Induction of Diabetes by STZ in Rats

STZ was dissolved in cold fresh 0.05 M sodium citrate buffer (pH 4.5) immediately before intraperitoneal injection at a dose of 60 mg/kg. After STZ injection, the rats were administered 5% D-glucose for 3 days as well as were provided a normal rat diet and drinking water routinely. Fasting blood sugar levels were then measured. The control animals had free access to citrate buffer (pH 4.5) and to a normal rat diet. A rat was considered diabetic if the blood sugar level was greater than 200 mg/dL (Akbarzadeh et al., 2007).

Experimental Design

A total of 48 rats were used in this study. Rats were distributed into six groups of eight each after the induction of diabetes, as follows:

Group 1: Normal control rats (negative control group) were orally administered 2 mL of 0.9% NaCl.

Group 2: Diabetic control rats (positive control group) were orally administered 2 mL of 0.9% NaCl.

Group 3: Diabetic rats administered metformin orally at a dose of 100 mg/kg (Cheng et al., 2006).

Group 4: Diabetic rats orally administered 30 mg/kg S. marianum seed extract.

Group 5: Diabetic rats orally administered 100 mg/kg S. marianum seed extract.

Group 6: Diabetic rats orally administered 300 mg/kg S. marianum seed extract. Doses of SMESE were designed based on extrapolation from the in vitro experiments followed by pilot experiments.

Blood Sample Collection

Blood samples were collected from the retro-orbital plexus of the eye. The animals were fasted overnight for 14 hours on the last day of the experiment and lightly anesthetized with ketamine. Standard heparinized micro-hematocrit capillary tubes were used to collect 2 mL of blood using sterile vacutainers. The blood was centrifuged for 10 min at 3,000 rpm (Zentrifuge Heraeus Labofuge, model I HC122, Germany). The serum was separated and stored in 1 mL Eppendorf tube at −20°C for analysis of biochemical parameters (Panda, 2021).

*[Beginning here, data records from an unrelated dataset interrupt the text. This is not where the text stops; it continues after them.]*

lemma theta_cong_iff_Idem_sandwich:
  assumes "x \<in> S" "y \<in> S"
  shows "theta_cong x y \<longleftrightarrow>
    (\<forall>e\<in>Idem. \<forall>f\<in>Idem. e \<cdot> (x \<cdot> f) \<in> theta_ideal \<longleftrightarrow> e \<cdot> (y \<cdot> f) \<in> theta_ideal)"
proof
  assume "theta_cong x y"
  then show "\<forall>e\<in>Idem. \<forall>f\<in>Idem. e \<cdot> (x \<cdot> f) \<in> theta_ideal \<longleftrightarrow> e \<cdot> (y \<cdot> f) \<in> theta_ideal"
    unfolding theta_cong_def by simp
next
  assume sandwich: "\<forall>e\<in>Idem. \<forall>f\<in>Idem. e \<cdot> (x \<cdot> f) \<in> theta_ideal \<longleftrightarrow> e \<cdot> (y \<cdot> f) \<in> theta_ideal"
  show "theta_cong x y"
    unfolding theta_cong_def
  proof (intro ballI)
    fix u v assume uv: "u \<in> S" "v \<in> S"
    obtain a where a: "a \<in> S" "u \<cdot> (a \<cdot> u) = u"
      using obtain_inverse uv(1) by blast
    obtain b where b: "b \<in> S" "v \<cdot> (b \<cdot> v) = v"
      using obtain_inverse uv(2) by blast
    have reduce: "u \<cdot> (t \<cdot> v) \<in> theta_ideal \<longleftrightarrow> (a \<cdot> u) \<cdot> (t \<cdot> (v \<cdot> b)) \<in> theta_ideal"
      if "t \<in> S" for t
      using theta_ideal_mult_inverse_left[OF uv(1) a, of "t \<cdot> v"]
        theta_ideal_mult_inverse_right[OF uv(2) b, of "a \<cdot> (u \<cdot> t)"] uv a b that
      by simp
    have "a \<cdot> u \<in> Idem" "v \<cdot> b \<in> Idem"
      using uv a b inverse_left_Idem inverse_right_Idem by blast+
    then show "u \<cdot> (x \<cdot> v) \<in> theta_ideal \<longleftrightarrow> u \<cdot> (y \<cdot> v) \<in> theta_ideal"
      using reduce[of x] reduce[of y] sandwich assms by simp
  qed
qed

Estimation of Lipid Profile and Serum Glucose

A lipid profile is a test that measures the amount of total cholesterol (TC), triglyceride (TG), and high-density lipoprotein (HDL) in the serum. The serum TC, TG, HDL, and glucose levels were measured enzymatically using commercial assay kits (HUMAN Diagnostics Worldwide, Germany), according to the manufacturer’s instructions. All biochemical tests were performed using an Elico SL150 UV-visible spectrophotometer (India).

Statistical Analysis

Statistical analyses were performed using GraphPad Prism software version 9.1.2 (GraphPad Software, LLC, San Diego, USA). Data are presented as mean ± SEM. The IC₅₀ values were calculated using the software package, and the data were analysed for statistical significance using a one-way analysis of variance (ANOVA) followed by Fisher’s LSD test. Differences were considered statistically significant at p < 0.05.

Results

Quantification of Phytochemicals in SMESE

The quantitative analysis of SMESE showed the presence of phenols (191.87 ± 0.61 mg GAE/g extract) and flavonoids (19.46 ± 0.72 mg QE/g extract). The extract also contained alkaloids, tannins, and saponins.

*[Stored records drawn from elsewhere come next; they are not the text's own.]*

lemma F_alpha_eq_phi_alpha:
  "F_alpha D mu0 a t = real D / mu0^2 * phi_alpha a (- (mu0 / D) * t)"
proof -
  define m where "m = - (mu0 / D) * t"
  have exps: "- (mu0 * (1 - a) / D) * t = (1 - a) * m" "(2 * (1 - a) * mu0 / D) * t = - (2 * (1 - a) * m)"
    "- (2 * a * mu0 / D) * t = 2 * a * m"
    by (simp_all add: m_def field_simps)
  have "F_alpha D mu0 a t = real D / mu0^2 *
      (exp ((1 - a) * m) * exp (- (2 * (1 - a) * m)) + ((1 - a) / a) * (exp ((1 - a) * m) * exp (2 * a * m))
        - (1 / a) * exp ((1 - a) * m))"
    unfolding F_alpha_def exps by (simp add: algebra_simps)
  also have "\<dots> = real D / mu0^2 * phi_alpha a m"
    by (simp add: phi_alpha_eq mult_exp_exp algebra_simps)
  finally show ?thesis
    by (simp add: m_def)
qed

lemma sum_lessThan_mset_cong:
  assumes "mset (map g1 [0..<n]) = mset (map g2 [0..<n])"
  shows "(\<Sum>j<n. f (g1 j)) = (\<Sum>j<n. f (g2 j))"
proof -
  have "(\<Sum>j<n. f (g j)) = sum_mset (image_mset f (mset (map g [0..<n])))" for g
    by (simp add: sum_mset_sum_list sum_set_upt_conv_sum_list_nat[symmetric] atLeast0LessThan
        flip: mset_map)
  then show ?thesis
    using assms by metis
qed

locale ricci_frame =
  fixes E :: "'a \<Rightarrow> 'a \<Rightarrow> bool" and D :: nat and x :: 'a and \<eta> :: "nat \<Rightarrow> 'a \<Rightarrow> 'a"
  assumes regular: "regular_graph E D"
    and frame_edge: "\<And>i y. i < D \<Longrightarrow> y \<in> insert x (nbrs E x) \<Longrightarrow> E y (\<eta> i y)"
    and frame_distinct: "\<And>i j y. i < D \<Longrightarrow> j < D \<Longrightarrow> i \<noteq> j \<Longrightarrow> y \<in> insert x (nbrs E x) \<Longrightarrow> \<eta> i y \<noteq> \<eta> j y"
    and frame_commute: "\<And>i. i < D \<Longrightarrow> mset (map (\<lambda>j. \<eta> i (\<eta> j x)) [0..<D]) = mset (map (\<lambda>j. \<eta> j (\<eta> i x)) [0..<D])"

lemma ricci_flat_obtains_frame:
  assumes "ricci_flat E D"
  obtains \<eta> where "ricci_frame E D x \<eta>"
  using assms unfolding ricci_flat_def ricci_frame_def by metis

context ricci_frame
begin

lemma card_nbrs [simp]: "card (nbrs E y) = D"
  using regular by (simp add: regular_graph_def)

lemma frame_mem: "k < D \<Longrightarrow> \<eta> k x \<in> insert x (nbrs E x)"
  by (simp add: frame_edge nbrs_def)

lemma bij_betw_frame:
  assumes y: "y \<in> insert x (nbrs E x)"
  shows "bij_betw (\<lambda>i. \<eta> i y) {..<D} (nbrs E y)"
proof -
  have "inj_on (\<lambda>i. \<eta> i y) {..<D}"
    using frame_distinct y by (auto simp: inj_on_def)
  moreover have "(\<lambda>i. \<eta> i y) ` {..<D} \<subseteq> nbrs E y"
    using frame_edge y by (auto simp: nbrs_def)
  moreover have "finite (nbrs E y)" "card (nbrs E y) = D"
    using regular by (auto simp: regular_graph_def)
  ultimately show ?thesis
    by (metis bij_betw_def card_image card_lessThan card_subset_eq)
qed

lemma sum_nbrs_frame:
  "y \<in> insert x (nbrs E x) \<Longrightarrow> (\<Sum>z\<in>nbrs E y. f z) = (\<Sum>i<D. f (\<eta> i y))"
  using sum.reindex_bij_betw[OF bij_betw_frame] by metis

lemma sum_frame_commute:
  "i < D \<Longrightarrow> (\<Sum>j<D. f (\<eta> i (\<eta> j x))) = (\<Sum>j<D. f (\<eta> j (\<eta> i x)))"
  using sum_lessThan_mset_cong[OF frame_commute] by metis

In Vitro α-Amylase Inhibitory Activities of SMESE

Supplementary Figure 1 shows that S. marianum seed extract significantly inhibited the activity of α-amylase in vitro. SMESE had an IC₅₀ of 31.46 µg/mL against α-amylase.

SMESE Had an Antiglycation Activity

The antiglycation activities of SMESE compared with aminoguanidine (positive control) are shown in Supplementary Figure 2. The highest antiglycation activity detected was (72.42 ± 3.02%). SMESE showed an IC₅₀ value of 40.82 µg/mL.

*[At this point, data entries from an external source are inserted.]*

lemma norm_on_equiv:
  fixes N1 N2 :: "'a::real_vector \<Rightarrow> real" and B :: "'a set"
  assumes fin: "finite B" and ind: "independent B" and sp: "\<And>x. x \<in> span B"
    and N1: "is_norm_on N1" and N2: "is_norm_on N2"
  shows "\<exists>K>0. \<forall>x. N1 x \<le> K * N2 x"
proof -
  obtain C where C0: "C \<ge> 0" and C: "\<And>u. (\<Sum>s\<in>B. \<bar>u s\<bar>) \<le> C * N2 (\<Sum>s\<in>B. u s *\<^sub>R s)"
    using norm_on_coefficient_bound[OF N2 fin ind] by blast
  define M where "M = (\<Sum>b\<in>B. N1 b)"
  have M0: "M \<ge> 0" unfolding M_def by (intro sum_nonneg norm_on_nonneg[OF N1])
  show ?thesis
  proof (intro exI[of _ "M * C + 1"] conjI allI)
    show "M * C + 1 > 0" using M0 C0 by (simp add: add_nonneg_pos)
    fix x
    define r where "r = representation B x"
    have x: "x = (\<Sum>b\<in>B. r b *\<^sub>R b)"
      unfolding r_def using sum_representation_eq[OF ind sp fin] by simp
    have "N1 x \<le> (\<Sum>b\<in>B. N1 (r b *\<^sub>R b))" by (subst x) (rule norm_on_sum_le[OF N1])
    also have "\<dots> = (\<Sum>b\<in>B. \<bar>r b\<bar> * N1 b)" by (simp add: norm_on_scaleR[OF N1])
    also have "\<dots> \<le> (\<Sum>b\<in>B. \<bar>r b\<bar> * M)"
      unfolding M_def using fin
      by (intro sum_mono mult_left_mono member_le_sum norm_on_nonneg[OF N1]) auto
    also have "\<dots> = M * (\<Sum>b\<in>B. \<bar>r b\<bar>)" by (simp add: sum_distrib_left mult_ac)
    also have "\<dots> \<le> M * (C * N2 x)"
      using C[of r] x M0 by (simp add: mult_left_mono)
    also have "\<dots> \<le> (M * C + 1) * N2 x" using norm_on_nonneg[OF N2, of x] by (simp add: distrib_right)
    finally show "N1 x \<le> (M * C + 1) * N2 x" .
  qed
qed

lemma bounded_linear_representation:
  fixes B :: "'a::real_normed_vector set"
  assumes fin: "finite B" and ind: "independent B" and sp: "\<And>x. x \<in> span B"
  shows "bounded_linear (\<lambda>y. representation B y b)"
proof -
  obtain C where "C \<ge> 0" and C: "\<And>u. (\<Sum>s\<in>B. \<bar>u s\<bar>) \<le> C * norm (\<Sum>s\<in>B. u s *\<^sub>R s)"
    using norm_on_coefficient_bound[OF is_norm_on_norm fin ind] by blast
  have "\<bar>representation B y b\<bar> \<le> C * norm y" for y
  proof (cases "b \<in> B")
    case True
    have "\<bar>representation B y b\<bar> \<le> (\<Sum>s\<in>B. \<bar>representation B y s\<bar>)"
      using True fin by (intro member_le_sum) auto
    also have "\<dots> \<le> C * norm y"
      using C[of "representation B y"] sum_representation_eq[OF ind sp fin] by simp
    finally show ?thesis .
  next
    case False
    then have "representation B y b = 0" using representation_ne_zero by blast
    then show ?thesis using \<open>C \<ge> 0\<close> by simp
  qed
  then show ?thesis
    by (intro bounded_linear_intro[where K=C])
       (auto simp: representation_add[OF ind sp sp] representation_scale[OF ind sp] mult.commute)
qed

section \<open>Finite-dimensional C*-algebras\<close>

locale fd_cstar =
  fixes csm :: "complex \<Rightarrow> 'a::real_normed_algebra_1 \<Rightarrow> 'a" and st :: "'a \<Rightarrow> 'a"
  assumes fd_cstar_algebra: "fd_cstar_algebra csm st"
begin

lemma csm_of_real: "csm (complex_of_real r) x = r *\<^sub>R x"
  using fd_cstar_algebra unfolding fd_cstar_algebra_def by simp

lemma csm_mult: "csm (c * d) x = csm c (csm d x)"
  using fd_cstar_algebra unfolding fd_cstar_algebra_def by simp

lemma csm_add_left: "csm (c + d) x = csm c x + csm d x"
  using fd_cstar_algebra unfolding fd_cstar_algebra_def by simp

lemma csm_add_right: "csm c (x + y) = csm c x + csm c y"
  using fd_cstar_algebra unfolding fd_cstar_algebra_def by simp

lemma csm_mult_left: "csm c (x * y) = csm c x * y"
  using fd_cstar_algebra unfolding fd_cstar_algebra_def by simp

lemma csm_mult_right: "csm c (x * y) = x * csm c y"
  using fd_cstar_algebra unfolding fd_cstar_algebra_def by metis

lemma norm_csm: "norm (csm c x) = cmod c * norm x"
  using fd_cstar_algebra unfolding fd_cstar_algebra_def by simp

lemma st_st: "st (st x) = x"
  using fd_cstar_algebra unfolding fd_cstar_algebra_def by simp

lemma st_add: "st (x + y) = st x + st y"
  using fd_cstar_algebra unfolding fd_cstar_algebra_def by simp

lemma st_csm: "st (csm c x) = csm (cnj c) (st x)"
  using fd_cstar_algebra unfolding fd_cstar_algebra_def by simp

STZ Caused Rats to Lose Weight, and SMESE Reversed This Effect

The body weight of the rats was measured weekly. At the beginning of the study (week 0), no significant differences (p > 0.05) were observed in body weight among the six groups (Figure 1). Body weight decreased slightly in all STZ-injected groups. This trend in body weight decrease continued in group 2 throughout the experiment, whereas groups 3–6 showed a significant (p < 0.05) regain of body weight as compared to group 2. Metformin-treated rats regained weight during weeks 3–6, but they showed less weight than those in group 1.

Figure 1.

Notes: *Significant when compared to the normal diet group (group 1); †significant when compared to the diabetic control group (group 2) for the same week.

SMESE Reduced Blood Glucose

The effect of SMESE on fasting blood sugar (FBS) during the experimental period is shown in Figure 2. Streptozotocin injection caused a significant increase (p < 0.0001) in FBS levels in groups 2–6 compared with the normal group (group 1). In the third week of treatment, groups 4 and 5 showed a significant decrease in FBS values compared to group 2, but the metformin-treated group and group 6 showed a significant decrease starting from the second week of treatment.

Figure 2.

Notes: *Significant when compared to the normal diet group (group 1); †significant when compared to the diabetic control group (group 2) for the same week.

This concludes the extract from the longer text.